# Record excerpts:

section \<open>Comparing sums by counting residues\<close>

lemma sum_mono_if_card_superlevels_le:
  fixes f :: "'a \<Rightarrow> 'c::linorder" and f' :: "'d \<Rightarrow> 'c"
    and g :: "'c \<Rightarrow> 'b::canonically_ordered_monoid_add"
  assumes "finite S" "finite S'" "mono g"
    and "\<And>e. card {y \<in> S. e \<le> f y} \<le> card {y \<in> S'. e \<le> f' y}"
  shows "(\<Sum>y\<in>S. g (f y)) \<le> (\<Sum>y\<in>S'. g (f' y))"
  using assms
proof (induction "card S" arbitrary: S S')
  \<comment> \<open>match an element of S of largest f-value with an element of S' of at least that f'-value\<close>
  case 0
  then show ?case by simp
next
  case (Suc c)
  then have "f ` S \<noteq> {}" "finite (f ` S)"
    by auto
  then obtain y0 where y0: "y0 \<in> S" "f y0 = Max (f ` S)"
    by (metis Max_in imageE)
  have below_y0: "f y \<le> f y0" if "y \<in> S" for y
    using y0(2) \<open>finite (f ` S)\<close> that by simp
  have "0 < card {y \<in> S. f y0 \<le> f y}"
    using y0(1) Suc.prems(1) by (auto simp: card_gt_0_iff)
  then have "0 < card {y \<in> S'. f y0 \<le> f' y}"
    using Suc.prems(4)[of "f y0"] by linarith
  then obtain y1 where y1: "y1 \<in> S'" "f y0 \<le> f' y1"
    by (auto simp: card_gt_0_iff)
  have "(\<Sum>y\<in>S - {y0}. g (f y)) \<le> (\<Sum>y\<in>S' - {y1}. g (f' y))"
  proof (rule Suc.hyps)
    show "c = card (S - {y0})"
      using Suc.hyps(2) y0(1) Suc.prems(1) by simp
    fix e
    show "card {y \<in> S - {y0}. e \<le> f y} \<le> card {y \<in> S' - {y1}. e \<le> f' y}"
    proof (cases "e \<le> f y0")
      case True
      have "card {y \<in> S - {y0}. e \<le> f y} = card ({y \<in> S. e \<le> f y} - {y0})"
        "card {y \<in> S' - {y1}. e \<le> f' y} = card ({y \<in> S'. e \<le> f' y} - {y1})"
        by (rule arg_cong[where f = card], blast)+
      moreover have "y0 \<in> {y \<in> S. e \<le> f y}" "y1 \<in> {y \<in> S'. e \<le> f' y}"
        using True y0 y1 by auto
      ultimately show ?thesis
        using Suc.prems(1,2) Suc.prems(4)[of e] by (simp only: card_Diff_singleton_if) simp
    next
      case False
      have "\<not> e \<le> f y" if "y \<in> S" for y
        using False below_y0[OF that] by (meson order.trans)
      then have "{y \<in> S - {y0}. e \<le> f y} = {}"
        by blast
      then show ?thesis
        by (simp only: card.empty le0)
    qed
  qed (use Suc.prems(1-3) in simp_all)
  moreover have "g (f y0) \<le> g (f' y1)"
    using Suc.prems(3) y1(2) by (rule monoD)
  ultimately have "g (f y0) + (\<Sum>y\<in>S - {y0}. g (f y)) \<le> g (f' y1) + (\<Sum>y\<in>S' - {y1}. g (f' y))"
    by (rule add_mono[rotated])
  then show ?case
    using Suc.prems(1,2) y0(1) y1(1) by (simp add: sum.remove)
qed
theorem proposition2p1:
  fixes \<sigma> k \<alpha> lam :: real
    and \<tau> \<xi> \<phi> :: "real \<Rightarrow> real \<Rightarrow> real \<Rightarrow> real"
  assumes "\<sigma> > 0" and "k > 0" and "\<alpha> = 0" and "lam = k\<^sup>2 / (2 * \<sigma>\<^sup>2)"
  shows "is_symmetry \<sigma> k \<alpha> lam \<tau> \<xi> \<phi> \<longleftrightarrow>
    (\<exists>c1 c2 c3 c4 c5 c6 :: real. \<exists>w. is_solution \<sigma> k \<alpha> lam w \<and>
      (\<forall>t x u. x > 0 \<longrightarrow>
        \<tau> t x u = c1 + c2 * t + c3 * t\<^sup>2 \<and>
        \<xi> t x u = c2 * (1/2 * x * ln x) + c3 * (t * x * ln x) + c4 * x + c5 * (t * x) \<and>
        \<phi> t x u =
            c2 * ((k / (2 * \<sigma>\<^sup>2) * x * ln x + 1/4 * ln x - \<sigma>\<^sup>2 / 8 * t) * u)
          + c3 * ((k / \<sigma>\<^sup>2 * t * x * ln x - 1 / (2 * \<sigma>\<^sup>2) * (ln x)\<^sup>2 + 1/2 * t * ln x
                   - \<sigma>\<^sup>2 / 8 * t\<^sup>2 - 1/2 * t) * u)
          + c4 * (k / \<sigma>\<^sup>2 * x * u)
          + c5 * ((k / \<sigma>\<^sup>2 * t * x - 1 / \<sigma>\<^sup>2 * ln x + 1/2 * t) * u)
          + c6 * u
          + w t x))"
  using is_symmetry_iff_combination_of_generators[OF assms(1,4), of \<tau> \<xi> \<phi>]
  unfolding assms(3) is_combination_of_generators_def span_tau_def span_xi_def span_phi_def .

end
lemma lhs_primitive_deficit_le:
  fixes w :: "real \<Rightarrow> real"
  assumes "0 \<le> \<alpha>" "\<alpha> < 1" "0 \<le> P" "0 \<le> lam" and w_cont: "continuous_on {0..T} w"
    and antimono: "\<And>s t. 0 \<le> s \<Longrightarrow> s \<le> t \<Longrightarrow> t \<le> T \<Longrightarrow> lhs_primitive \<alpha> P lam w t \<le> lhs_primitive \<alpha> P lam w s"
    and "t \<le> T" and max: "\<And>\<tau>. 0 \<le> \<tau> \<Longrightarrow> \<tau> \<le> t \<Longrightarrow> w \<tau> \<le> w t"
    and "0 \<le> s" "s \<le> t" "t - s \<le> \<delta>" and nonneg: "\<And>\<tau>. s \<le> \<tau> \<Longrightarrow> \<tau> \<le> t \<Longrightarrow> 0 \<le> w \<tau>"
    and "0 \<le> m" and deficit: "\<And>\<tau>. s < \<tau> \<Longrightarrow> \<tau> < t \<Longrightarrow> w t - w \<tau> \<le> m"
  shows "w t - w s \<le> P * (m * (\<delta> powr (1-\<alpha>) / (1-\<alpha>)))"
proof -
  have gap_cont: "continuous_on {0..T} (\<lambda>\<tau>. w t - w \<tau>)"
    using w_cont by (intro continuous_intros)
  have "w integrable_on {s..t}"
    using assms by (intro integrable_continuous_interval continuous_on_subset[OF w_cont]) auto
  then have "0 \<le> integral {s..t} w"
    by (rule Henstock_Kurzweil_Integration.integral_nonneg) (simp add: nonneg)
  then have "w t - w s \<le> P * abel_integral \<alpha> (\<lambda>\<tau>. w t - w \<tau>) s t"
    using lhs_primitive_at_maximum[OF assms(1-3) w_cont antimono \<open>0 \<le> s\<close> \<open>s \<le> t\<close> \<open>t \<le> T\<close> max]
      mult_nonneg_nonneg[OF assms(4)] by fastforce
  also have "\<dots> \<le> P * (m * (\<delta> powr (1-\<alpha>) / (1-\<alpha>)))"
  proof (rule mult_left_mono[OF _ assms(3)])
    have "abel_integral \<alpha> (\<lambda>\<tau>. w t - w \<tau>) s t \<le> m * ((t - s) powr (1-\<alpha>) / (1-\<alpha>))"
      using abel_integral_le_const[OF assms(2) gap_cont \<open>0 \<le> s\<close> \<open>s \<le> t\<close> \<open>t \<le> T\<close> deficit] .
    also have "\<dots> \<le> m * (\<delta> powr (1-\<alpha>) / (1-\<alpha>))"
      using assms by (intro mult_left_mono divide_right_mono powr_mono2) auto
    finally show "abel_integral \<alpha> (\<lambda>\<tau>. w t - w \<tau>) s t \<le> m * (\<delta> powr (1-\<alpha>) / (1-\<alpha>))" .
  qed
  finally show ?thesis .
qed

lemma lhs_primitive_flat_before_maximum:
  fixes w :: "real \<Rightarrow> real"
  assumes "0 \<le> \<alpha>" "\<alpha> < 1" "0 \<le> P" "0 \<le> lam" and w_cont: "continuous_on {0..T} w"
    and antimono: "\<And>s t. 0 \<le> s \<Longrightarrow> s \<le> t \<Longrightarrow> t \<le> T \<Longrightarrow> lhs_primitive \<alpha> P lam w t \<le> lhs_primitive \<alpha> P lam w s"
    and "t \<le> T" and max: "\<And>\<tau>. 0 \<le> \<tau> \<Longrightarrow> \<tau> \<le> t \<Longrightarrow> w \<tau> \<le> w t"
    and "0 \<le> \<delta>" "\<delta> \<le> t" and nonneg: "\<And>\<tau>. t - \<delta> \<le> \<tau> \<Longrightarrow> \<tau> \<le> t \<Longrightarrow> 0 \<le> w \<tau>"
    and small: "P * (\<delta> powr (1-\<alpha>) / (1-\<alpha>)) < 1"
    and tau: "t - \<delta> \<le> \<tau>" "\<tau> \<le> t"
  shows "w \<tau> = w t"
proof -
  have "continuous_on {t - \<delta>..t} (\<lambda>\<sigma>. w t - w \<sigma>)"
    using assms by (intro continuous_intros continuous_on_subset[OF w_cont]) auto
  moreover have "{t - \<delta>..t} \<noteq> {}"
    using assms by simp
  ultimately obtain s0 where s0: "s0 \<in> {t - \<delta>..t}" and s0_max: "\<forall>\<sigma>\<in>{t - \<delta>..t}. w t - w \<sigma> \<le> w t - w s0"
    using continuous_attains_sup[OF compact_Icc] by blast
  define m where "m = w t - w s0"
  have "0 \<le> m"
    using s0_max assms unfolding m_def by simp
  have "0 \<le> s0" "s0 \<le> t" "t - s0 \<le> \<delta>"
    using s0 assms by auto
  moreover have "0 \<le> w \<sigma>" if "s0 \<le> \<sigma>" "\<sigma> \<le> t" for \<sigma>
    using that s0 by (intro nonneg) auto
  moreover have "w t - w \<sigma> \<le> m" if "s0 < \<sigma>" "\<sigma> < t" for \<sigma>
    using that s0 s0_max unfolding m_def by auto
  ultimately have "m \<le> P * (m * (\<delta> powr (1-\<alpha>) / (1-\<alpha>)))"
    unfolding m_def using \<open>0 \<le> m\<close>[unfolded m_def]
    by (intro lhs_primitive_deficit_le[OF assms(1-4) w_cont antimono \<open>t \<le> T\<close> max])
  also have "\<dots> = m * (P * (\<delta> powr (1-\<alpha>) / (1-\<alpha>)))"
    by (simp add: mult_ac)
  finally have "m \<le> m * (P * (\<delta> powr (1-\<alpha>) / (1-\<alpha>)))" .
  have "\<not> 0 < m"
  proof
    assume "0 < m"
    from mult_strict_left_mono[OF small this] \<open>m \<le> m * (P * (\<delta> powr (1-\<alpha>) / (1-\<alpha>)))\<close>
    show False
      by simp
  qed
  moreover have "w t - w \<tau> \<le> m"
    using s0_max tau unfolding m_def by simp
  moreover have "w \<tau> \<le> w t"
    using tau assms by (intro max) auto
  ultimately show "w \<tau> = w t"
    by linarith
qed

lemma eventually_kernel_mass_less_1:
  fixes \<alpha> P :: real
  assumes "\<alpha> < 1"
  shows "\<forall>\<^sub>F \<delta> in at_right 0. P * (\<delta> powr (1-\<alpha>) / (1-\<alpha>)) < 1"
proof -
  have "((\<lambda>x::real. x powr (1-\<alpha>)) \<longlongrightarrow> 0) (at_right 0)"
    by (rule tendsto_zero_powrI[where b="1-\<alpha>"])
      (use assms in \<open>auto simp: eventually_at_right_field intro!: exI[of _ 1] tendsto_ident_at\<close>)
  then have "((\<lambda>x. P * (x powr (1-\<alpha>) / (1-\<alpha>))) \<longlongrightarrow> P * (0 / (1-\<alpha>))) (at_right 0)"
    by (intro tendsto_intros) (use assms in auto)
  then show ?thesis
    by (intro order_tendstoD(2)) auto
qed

# Your objective:
Begin at the first line of the material above. Transcribe each line exactly, ending with the line that contains "using y0(1) Suc.prems(1)".

# Response area:
section \<open>Comparing sums by counting residues\<close>

lemma sum_mono_if_card_superlevels_le:
  fixes f :: "'a \<Rightarrow> 'c::linorder" and f' :: "'d \<Rightarrow> 'c"
    and g :: "'c \<Rightarrow> 'b::canonically_ordered_monoid_add"
  assumes "finite S" "finite S'" "mono g"
    and "\<And>e. card {y \<in> S. e \<le> f y} \<le> card {y \<in> S'. e \<le> f' y}"
  shows "(\<Sum>y\<in>S. g (f y)) \<le> (\<Sum>y\<in>S'. g (f' y))"
  using assms
proof (induction "card S" arbitrary: S S')
  \<comment> \<open>match an element of S of largest f-value with an element of S' of at least that f'-value\<close>
  case 0
  then show ?case by simp
next
  case (Suc c)
  then have "f ` S \<noteq> {}" "finite (f ` S)"
    by auto
  then obtain y0 where y0: "y0 \<in> S" "f y0 = Max (f ` S)"
    by (metis Max_in imageE)
  have below_y0: "f y \<le> f y0" if "y \<in> S" for y
    using y0(2) \<open>finite (f ` S)\<close> that by simp
  have "0 < card {y \<in> S. f y0 \<le> f y}"
    using y0(1) Suc.prems(1) by (auto simp: card_gt_0_iff)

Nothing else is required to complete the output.